5. Validation, Benchmarking, and Results
PhysFire-WM has been validated in both idealized synthetic and real-wildfire domains:
- The PINN-based solver matches traditional WRF-SFIRE fireline predictions to within 3–5% directed Hausdorff error (synthetic/Isom Creek test cases), and yields speedups of 107 in simulation time (train+predict: 4–10 minutes CPU vs. 1–3 hours for traditional solver) (Bottero et al., 2020).

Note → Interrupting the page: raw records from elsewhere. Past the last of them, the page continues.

(* Let $(X,d)$ be a metric space, $Y$ a complete subspace of $X$, and $T,g:X\to X$. Assume: (a) $T(X)\subseteq Y\cap g(X)$; (b) there exists $G\in\mathcal{G}$ such that for all $x,y\in X$, $$G\big(d(Tx,Ty),\,d(gx,gy),\,d(gx,Tx),\,d(gy,Ty),\,d(gx,Ty),\,d(gy,Tx)\big)\le0;$$ and either (e) $Y\subseteq g(X)$, or alternatively (e$'$) $T$ and $g$ are compatible and $T$ and $g$ are continuous. Then $T$ and $g$ have a coincidence point.
   Context: $\mathbb{R}_+=[0,\infty)$. $\Phi$: functions $\phi:\mathbb{R}_+\to\mathbb{R}_+$, increasing, $\phi(0)=0$, $\sum_{n\ge1}\phi^n(t)<\infty$ for every $t>0$. $\mathcal{G}$: lower semi-continuous $G:\mathbb{R}_+^6\to\mathbb{R}$ such that (G1) $G$ is decreasing in its fifth and sixth variables, and there is $\phi\in\Phi$ such that for all $r,s\ge0$, $G(r,s,s,r,r+s,0)\le0$ implies $r\le\phi(s)$; (G2) $G(r,0,r,0,0,r)>0$ for all $r>0$. $T$ and $g$ are compatible if $\lim_n d(T(gx_n),g(Tx_n))=0$ whenever $\{x_n\}\subset X$ satisfies $\lim_n gx_n=\lim_n Tx_n$. A coincidence point is $x$ with $Tx=gx$. *)

theory Defs
  imports "HOL-Analysis.Analysis"
begin

type_synonym real6 = "real \<times> real \<times> real \<times> real \<times> real \<times> real"

definition nonneg6 :: "real6 set" where
  "nonneg6 = {(a,b,c,d,e,f). 0 \<le> a \<and> 0 \<le> b \<and> 0 \<le> c \<and> 0 \<le> d \<and> 0 \<le> e \<and> 0 \<le> f}"

definition lsc_on :: "'a::topological_space set \<Rightarrow> ('a \<Rightarrow> real) \<Rightarrow> bool" where
  "lsc_on S f \<longleftrightarrow> (\<forall>x\<in>S. \<forall>e>0. \<forall>\<^sub>F y in at x within S. f x - e < f y)"

definition PhiClass :: "(real \<Rightarrow> real) set" where
  "PhiClass = {\<phi>. (\<forall>t\<ge>0. 0 \<le> \<phi> t) \<and> mono_on {0..} \<phi> \<and> \<phi> 0 = 0 \<and>
      (\<forall>t>0. summable (\<lambda>n. (\<phi> ^^ Suc n) t))}"

definition GClass :: "(real6 \<Rightarrow> real) set" where
  "GClass = {G. lsc_on nonneg6 G \<and>
     (\<forall>a b c d e e' f. 0 \<le> a \<longrightarrow> 0 \<le> b \<longrightarrow> 0 \<le> c \<longrightarrow> 0 \<le> d \<longrightarrow> 0 \<le> e \<longrightarrow> e \<le> e' \<longrightarrow> 0 \<le> f \<longrightarrow>
         G (a,b,c,d,e',f) \<le> G (a,b,c,d,e,f)) \<and>
     (\<forall>a b c d e f f'. 0 \<le> a \<longrightarrow> 0 \<le> b \<longrightarrow> 0 \<le> c \<longrightarrow> 0 \<le> d \<longrightarrow> 0 \<le> e \<longrightarrow> 0 \<le> f \<longrightarrow> f \<le> f' \<longrightarrow>
         G (a,b,c,d,e,f') \<le> G (a,b,c,d,e,f)) \<and>
     (\<exists>\<phi>\<in>PhiClass. \<forall>r s. 0 \<le> r \<longrightarrow> 0 \<le> s \<longrightarrow> G (r,s,s,r,r+s,0) \<le> 0 \<longrightarrow> r \<le> \<phi> s) \<and>
     (\<forall>r>0. G (r,0,r,0,0,r) > 0)}"

definition compatible :: "('a::metric_space \<Rightarrow> 'a) \<Rightarrow> ('a \<Rightarrow> 'a) \<Rightarrow> bool" where
  "compatible T g \<longleftrightarrow> (\<forall>x :: nat \<Rightarrow> 'a. (\<exists>t. (\<lambda>n. g (x n)) \<longlonglongrightarrow> t \<and> (\<lambda>n. T (x n)) \<longlonglongrightarrow> t) \<longrightarrow>
      (\<lambda>n. dist (T (g (x n))) (g (T (x n)))) \<longlonglongrightarrow> 0)"

end

theory Submission
  imports Defs
begin

text \<open>Since every value of T is a value of g, one can choose a Jungck sequence with
  g x(n+1) = T x(n). Condition (G1), applied to the pair x(n+1), x(n+2) together with the
  triangle inequality in the fifth argument, gives d(y(n+1), y(n+2)) \<le> \<phi>(d(y(n), y(n+1))) for
  y(n) = T x(n), so the steps are dominated by the summable sequence \<phi>^n(d(y(0), y(1))) and y is
  Cauchy in Y. If its limit is g u, lower semicontinuity turns the inequality for the pair
  u, x(n+1) into G(d(Tu, gu), 0, d(gu, Tu), 0, 0, d(gu, Tu)) \<le> 0, which (G2) allows only when
  Tu = gu. In the compatible case, continuity makes T(g x(n)) and g(T x(n)) converge to Tz and
  gz, and compatibility makes their distance tend to 0.\<close>

definition G_contraction :: "(real6 \<Rightarrow> real) \<Rightarrow> ('a::metric_space \<Rightarrow> 'a) \<Rightarrow> ('a \<Rightarrow> 'a) \<Rightarrow> bool" where
  "G_contraction G T g \<longleftrightarrow> (\<forall>x y. G (dist (T x) (T y), dist (g x) (g y), dist (g x) (T x),
      dist (g y) (T y), dist (g x) (T y), dist (g y) (T x)) \<le> 0)"

lemma GClassD:
  assumes "G \<in> GClass"
  shows "lsc_on nonneg6 G"
    and "\<And>a b c d e e' f. 0 \<le> a \<Longrightarrow> 0 \<le> b \<Longrightarrow> 0 \<le> c \<Longrightarrow> 0 \<le> d \<Longrightarrow> 0 \<le> e \<Longrightarrow> e \<le> e' \<Longrightarrow> 0 \<le> f \<Longrightarrow>
      G (a, b, c, d, e', f) \<le> G (a, b, c, d, e, f)"
    and "\<exists>\<phi>\<in>PhiClass. \<forall>r s. 0 \<le> r \<longrightarrow> 0 \<le> s \<longrightarrow> G (r, s, s, r, r + s, 0) \<le> 0 \<longrightarrow> r \<le> \<phi> s"
    and "\<And>r. r > 0 \<Longrightarrow> G (r, 0, r, 0, 0, r) > 0"
  using assms unfolding GClass_def mem_Collect_eq by simp_all

lemma PhiClassD:
  assumes "\<phi> \<in> PhiClass"
  shows "mono_on {0..} \<phi>" "\<phi> 0 = 0" "\<And>t. t > 0 \<Longrightarrow> summable (\<lambda>n. (\<phi> ^^ Suc n) t)"
  using assms unfolding PhiClass_def mem_Collect_eq by simp_all

lemma Cauchy_if_dist_Suc_le_summable:
  fixes y :: "nat \<Rightarrow> 'a::metric_space"
  assumes "summable d" and dist_le: "\<And>n. dist (y n) (y (Suc n)) \<le> d n"
  shows "Cauchy y"
proof (rule metric_CauchyI)
  define s where "s n = (\<Sum>i<n. d i)" for n
  have "Cauchy s"
    using \<open>summable d\<close> unfolding s_def summable_iff_convergent by (rule convergent_Cauchy)
  have dist_le_diff: "dist (y m) (y n) \<le> s n - s m" if "m \<le> n" for m n
    using that
  proof (induction n rule: dec_induct)
    case (step n)
    have "dist (y m) (y (Suc n)) \<le> dist (y m) (y n) + dist (y n) (y (Suc n))"
      by (rule dist_triangle)
    also have "\<dots> \<le> s (Suc n) - s m"
      using step dist_le[of n] by (simp add: s_def)
    finally show ?case .
  qed simp
  have dist_le_abs: "dist (y m) (y n) \<le> \<bar>s m - s n\<bar>" for m n
    using dist_le_diff[of m n] dist_le_diff[of n m] by (cases "m \<le> n") (simp_all add: dist_commute)
  fix e :: real
  assume "0 < e"
  then obtain M where "\<forall>m\<ge>M. \<forall>n\<ge>M. dist (s m) (s n) < e"
    using \<open>Cauchy s\<close> unfolding Cauchy_def by blast
  then have "\<forall>m\<ge>M. \<forall>n\<ge>M. dist (y m) (y n) < e"
    using dist_le_abs unfolding dist_real_def by (meson order_le_less_trans)
  then show "\<exists>M. \<forall>m\<ge>M. \<forall>n\<ge>M. dist (y m) (y n) < e" ..
qed

lemma lsc_on_sequentially_le:
  fixes f :: "'a::metric_space \<Rightarrow> real"
  assumes "lsc_on S f" "p \<in> S" "\<And>n. q n \<in> S" "q \<longlonglongrightarrow> p" "\<And>n. f (q n) \<le> c"
  shows "f p \<le> c"
proof (rule ccontr)
  assume "\<not> f p \<le> c"
  then have "\<forall>\<^sub>F y in at p within S. f p - (f p - c) < f y"
    using assms(1)[unfolded lsc_on_def, rule_format, OF assms(2), of "f p - c"] by simp
  then obtain d where "d > 0" and d: "\<And>x. x \<in> S \<Longrightarrow> x \<noteq> p \<Longrightarrow> dist x p < d \<Longrightarrow> c < f x"
    unfolding eventually_at by auto
  obtain N where "dist (q N) p < d"
    using assms(4) \<open>d > 0\<close> unfolding lim_sequentially by blast
  then have "c < f (q N)"
    using d[OF assms(3)] \<open>\<not> f p \<le> c\<close> by (cases "q N = p") auto
  then show False
    using assms(5) not_le by blast
qed

lemma PhiClass_funpow_summable:
  assumes "\<phi> \<in> PhiClass" "t \<ge> 0"
  shows "summable (\<lambda>n. (\<phi> ^^ n) t)"
proof (cases "t = 0")
  case True
  have "(\<phi> ^^ n) 0 = 0" for n
    by (induction n) (simp_all add: PhiClassD(2)[OF assms(1)])
  then show ?thesis using True by simp
next
  case False
  then have "summable (\<lambda>n. (\<phi> ^^ Suc n) t)"
    using assms by (intro PhiClassD(3)) auto
  then show ?thesis
    by (rule summable_Suc_iff[THEN iffD1])
qed

lemma Cauchy_if_dist_Suc_le_PhiClass:
  fixes y :: "nat \<Rightarrow> 'a::metric_space"
  assumes "\<phi> \<in> PhiClass"
    and step: "\<And>n. dist (y (Suc n)) (y (Suc (Suc n))) \<le> \<phi> (dist (y n) (y (Suc n)))"
  shows "Cauchy y"
proof (rule Cauchy_if_dist_Suc_le_summable)
  let ?t = "dist (y 0) (y 1)"
  show "summable (\<lambda>n. (\<phi> ^^ n) ?t)"
    using assms(1) by (simp add: PhiClass_funpow_summable)
  show "dist (y n) (y (Suc n)) \<le> (\<phi> ^^ n) ?t" for n
  proof (induction n)
    case (Suc n)
    have "dist (y (Suc n)) (y (Suc (Suc n))) \<le> \<phi> (dist (y n) (y (Suc n)))"
      by (rule step)
    also have "\<dots> \<le> \<phi> ((\<phi> ^^ n) ?t)"
    proof (rule mono_onD[OF PhiClassD(1)[OF assms(1)]])
      show "(\<phi> ^^ n) ?t \<in> {0..}"
        using order_trans[OF zero_le_dist Suc] by simp
    qed (use Suc in simp_all)
    finally show ?case by simp
  qed simp
qed

lemma Jungck_sequence_exists:
  assumes "range T \<subseteq> range g"
  obtains x where "\<And>n. g (x (Suc n)) = T (x n)"
proof -
  have "\<exists>u. g u = T v" for v
  proof -
    have "T v \<in> range g"
      using assms by blast
    then show ?thesis
      by (metis rangeE)
  qed
  then obtain h where "\<And>v. g (h v) = T v"
    by metis
  then have "g ((h ^^ Suc n) x0) = T ((h ^^ n) x0)" for n x0
    by simp
  then show ?thesis by (rule that)
qed

lemma G_contraction_Jungck_step:
  assumes "G \<in> GClass" "G_contraction G T g"
    and phi: "\<And>r s. 0 \<le> r \<Longrightarrow> 0 \<le> s \<Longrightarrow> G (r, s, s, r, r + s, 0) \<le> 0 \<Longrightarrow> r \<le> \<phi> s"
    and Jungck: "\<And>n. g (x (Suc n)) = T (x n)"
  shows "dist (T (x (Suc n))) (T (x (Suc (Suc n)))) \<le> \<phi> (dist (T (x n)) (T (x (Suc n))))"
proof (rule phi)
  let ?r = "dist (T (x (Suc n))) (T (x (Suc (Suc n))))"
  let ?s = "dist (T (x n)) (T (x (Suc n)))"
  let ?e = "dist (T (x n)) (T (x (Suc (Suc n))))"
  have "?e \<le> ?r + ?s"
    by (metis add.commute dist_triangle)
  then have "G (?r, ?s, ?s, ?r, ?r + ?s, 0) \<le> G (?r, ?s, ?s, ?r, ?e, 0)"
    using GClassD(2)[OF assms(1)] by simp
  also have "G (?r, ?s, ?s, ?r, ?e, 0) \<le> 0"
    using assms(2)[unfolded G_contraction_def, rule_format, of "x (Suc n)" "x (Suc (Suc n))"]
    by (simp add: Jungck)
  finally show "G (?r, ?s, ?s, ?r, ?r + ?s, 0) \<le> 0" .
qed simp_all

lemma G_contraction_Jungck_Cauchy:
  assumes "G \<in> GClass" "G_contraction G T g"
    and Jungck: "\<And>n. g (x (Suc n)) = T (x n)"
  shows "Cauchy (\<lambda>n. T (x n))"
proof -
  obtain \<phi> where "\<phi> \<in> PhiClass"
    and phi: "\<And>r s. 0 \<le> r \<Longrightarrow> 0 \<le> s \<Longrightarrow> G (r, s, s, r, r + s, 0) \<le> 0 \<Longrightarrow> r \<le> \<phi> s"
    using GClassD(3)[OF assms(1)] by blast
  show ?thesis
  proof (rule Cauchy_if_dist_Suc_le_PhiClass[OF \<open>\<phi> \<in> PhiClass\<close>])
    show "dist (T (x (Suc n))) (T (x (Suc (Suc n)))) \<le> \<phi> (dist (T (x n)) (T (x (Suc n))))" for n
      using assms(1,2) phi Jungck by (rule G_contraction_Jungck_step)
  qed
qed

lemma G_contraction_coincidence_at_limit:
  assumes "G \<in> GClass" "G_contraction G T g"
    and Jungck: "\<And>n. g (x (Suc n)) = T (x n)"
    and lim: "(\<lambda>n. T (x n)) \<longlonglongrightarrow> g u"
  shows "T u = g u"
proof -
  let ?y = "\<lambda>n. T (x n)" and ?z = "g u"
  define r where "r = dist ?z (T u)"
  define q where "q n = (dist (T u) (?y (Suc n)), dist ?z (?y n), r,
      dist (?y n) (?y (Suc n)), dist ?z (?y (Suc n)), dist (?y n) (T u))" for n
  have lim_Suc: "(\<lambda>n. ?y (Suc n)) \<longlonglongrightarrow> ?z"
    using lim by (rule LIMSEQ_Suc)
  have "q \<longlonglongrightarrow> (r, 0, r, 0, 0, r)"
    unfolding q_def r_def
    using tendsto_dist[OF tendsto_const lim_Suc, of "T u"] tendsto_dist[OF tendsto_const lim, of ?z]
      tendsto_dist[OF tendsto_const lim_Suc, of ?z] tendsto_dist[OF lim lim_Suc]
      tendsto_dist[OF lim tendsto_const, of "T u"]
    by (intro tendsto_Pair tendsto_const) (simp_all add: dist_commute)
  moreover have "G (q n) \<le> 0" for n
    using assms(2)[unfolded G_contraction_def, rule_format, of u "x (Suc n)"]
    by (simp add: Jungck q_def r_def)
  moreover have "q n \<in> nonneg6" for n
    unfolding q_def r_def nonneg6_def by simp
  moreover have "(r, 0, r, 0, 0, r) \<in> nonneg6"
    unfolding r_def nonneg6_def by simp
  ultimately have "G (r, 0, r, 0, 0, r) \<le> 0"
    using lsc_on_sequentially_le[OF GClassD(1)[OF assms(1)]] by blast
  then have "r = 0"
    using GClassD(4)[OF assms(1), of r] zero_le_dist[of ?z "T u"] unfolding r_def by linarith
  then show ?thesis
    unfolding r_def by simp
qed

lemma compatible_continuous_coincidence_at_limit:
  assumes "compatible T g" "continuous_on UNIV T" "continuous_on UNIV g"
    and "(\<lambda>n. g (x n)) \<longlonglongrightarrow> z" "(\<lambda>n. T (x n)) \<longlonglongrightarrow> z"
  shows "T z = g z"
proof -
  have "isCont T z" "isCont g z"
    using assms(2,3) by (simp_all add: continuous_on_eq_continuous_at)
  have "(\<lambda>n. T (g (x n))) \<longlonglongrightarrow> T z"
    using \<open>isCont T z\<close> assms(4) by (rule isCont_tendsto_compose)
  moreover have "(\<lambda>n. g (T (x n))) \<longlonglongrightarrow> g z"
    using \<open>isCont g z\<close> assms(5) by (rule isCont_tendsto_compose)
  ultimately have "(\<lambda>n. dist (T (g (x n))) (g (T (x n)))) \<longlonglongrightarrow> dist (T z) (g z)"
    by (rule tendsto_dist)
  moreover have "(\<lambda>n. dist (T (g (x n))) (g (T (x n)))) \<longlonglongrightarrow> 0"
    using assms(1)[unfolded compatible_def, rule_format, of x] assms(4,5) by blast
  ultimately have "dist (T z) (g z) = 0"
    by (rule LIMSEQ_unique)
  then show ?thesis
    by simp
qed

theorem corollary4:
  fixes T g :: "'a::metric_space \<Rightarrow> 'a" and Y :: "'a set"
  assumes "complete Y"
    and "range T \<subseteq> Y \<inter> range g"
    and "\<exists>G\<in>GClass. \<forall>x y. G (dist (T x) (T y), dist (g x) (g y), dist (g x) (T x),
                             dist (g y) (T y), dist (g x) (T y), dist (g y) (T x)) \<le> 0"
    and "Y \<subseteq> range g \<or> (compatible T g \<and> continuous_on UNIV T \<and> continuous_on UNIV g)"
  shows "\<exists>x. T x = g x"
proof -
  obtain G where G: "G \<in> GClass" "G_contraction G T g"
    using assms(3) unfolding G_contraction_def by blast
  have "range T \<subseteq> range g"
    using assms(2) by blast
  then obtain x where Jungck: "\<And>n. g (x (Suc n)) = T (x n)"
    using Jungck_sequence_exists by blast
  have "Cauchy (\<lambda>n. T (x n))"
    using G Jungck by (rule G_contraction_Jungck_Cauchy)
  moreover have "T (x n) \<in> Y" for n
    using assms(2) by blast
  ultimately obtain z where "z \<in> Y" and lim: "(\<lambda>n. T (x n)) \<longlonglongrightarrow> z"
    using assms(1)[unfolded complete_def, rule_format, of "\<lambda>n. T (x n)"] by blast
  from assms(4) show ?thesis
  proof
    assume "Y \<subseteq> range g"
    then have "z \<in> range g"
      using \<open>z \<in> Y\<close> by blast
    then obtain u where "z = g u"
      by (rule rangeE)
    moreover have "T u = g u"
      using G Jungck lim unfolding \<open>z = g u\<close> by (rule G_contraction_coincidence_at_limit)
    ultimately show ?thesis
      by blast
  next
    assume "compatible T g \<and> continuous_on UNIV T \<and> continuous_on UNIV g"
    moreover have "(\<lambda>n. T (x (Suc n))) \<longlonglongrightarrow> z"
      using lim by (rule LIMSEQ_Suc)
    moreover have "(\<lambda>n. g (x (Suc n))) \<longlonglongrightarrow> z"
      using lim by (simp add: Jungck)
    ultimately show ?thesis
      using compatible_continuous_coincidence_at_limit[where x = "\<lambda>n. x (Suc n)"] by blast
  qed
qed

end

- The physics-informed world model achieves AUPRC=0.89 (mask, +6.8% vs. best baseline), IoU=0.89, F1=0.94, MSE=0.01, and IR PSNR=23.62 dB, SSIM=0.80, LPIPS=0.09, FVD=0.001 (single-region). Cross-region generalization is strong (AUPRC=0.83, PSNR=23.26) (Zhou et al., 19 Dec 2025).
- Ablations confirm that omitting physics priors degrades mask AUPRC (from 0.85 → 0.82) and PSNR (from 23.00 → 22.76), whereas removing CC-Train yields substantial decreases in both modalities (Zhou et al., 19 Dec 2025).
- The equilibrium time-lag moisture model, calibrated using Canadian reference parameters, accurately tracks hourly to daily fuel moisture response to both atmospheric drying/wetting and rain events, matching observational curves and supporting smoke emission/advection studies (Kochanski et al., 2012).
6. Limitations and Current Research Trajectories
PhysFire-WM, while demonstrably effective, faces several recognized limitations:
- Full GPU/multithread training for PINNs in NeuralPDE.jl is under development, temporarily limiting scalability for large geographies.
- Fuel maps must currently be smooth representations rather than raw grid matrices (NeuralPDE Issue #177), constraining spatial heterogeneity modeling.
- Stability concerns exist for PINN surrogates on very large domains; further work on domain normalization/scaling is ongoing.
- Efforts are active in 3D coupled Euler-fire PINN, introduction of CNN/RNN layers for handling high-resolution field inputs, and extension of smoke modules beyond passive tracer assumption.
- Planned FEPS-based emission modules for PM2.5/CO2 species, and full chemistry-gas-phase integration, are in development for WRF-Chem compatibility (Kochanski et al., 2012).
7. Applications and Future Prospects
PhysFire-WM underpins continuous-time, physically plausible forecasting for real-time wildfire management and for retrospective reconstruction (forensic analysis) of ignition/spread scenarios (Bottero et al., 2020, Zhou et al., 19 Dec 2025). By fusing the strengths of physics-based simulation, machine-learned surrogates, and multimodal world modeling, it provides actionable predictions of both fire advance and thermal intensity. This unification supports decision-making in containment planning and contributes foundational advances for broader disaster forecasting systems. The explicit encoding of physical laws in generative architectures marks a demonstrable advance in the operational reliability of datacentric, AI-driven simulation pipelines.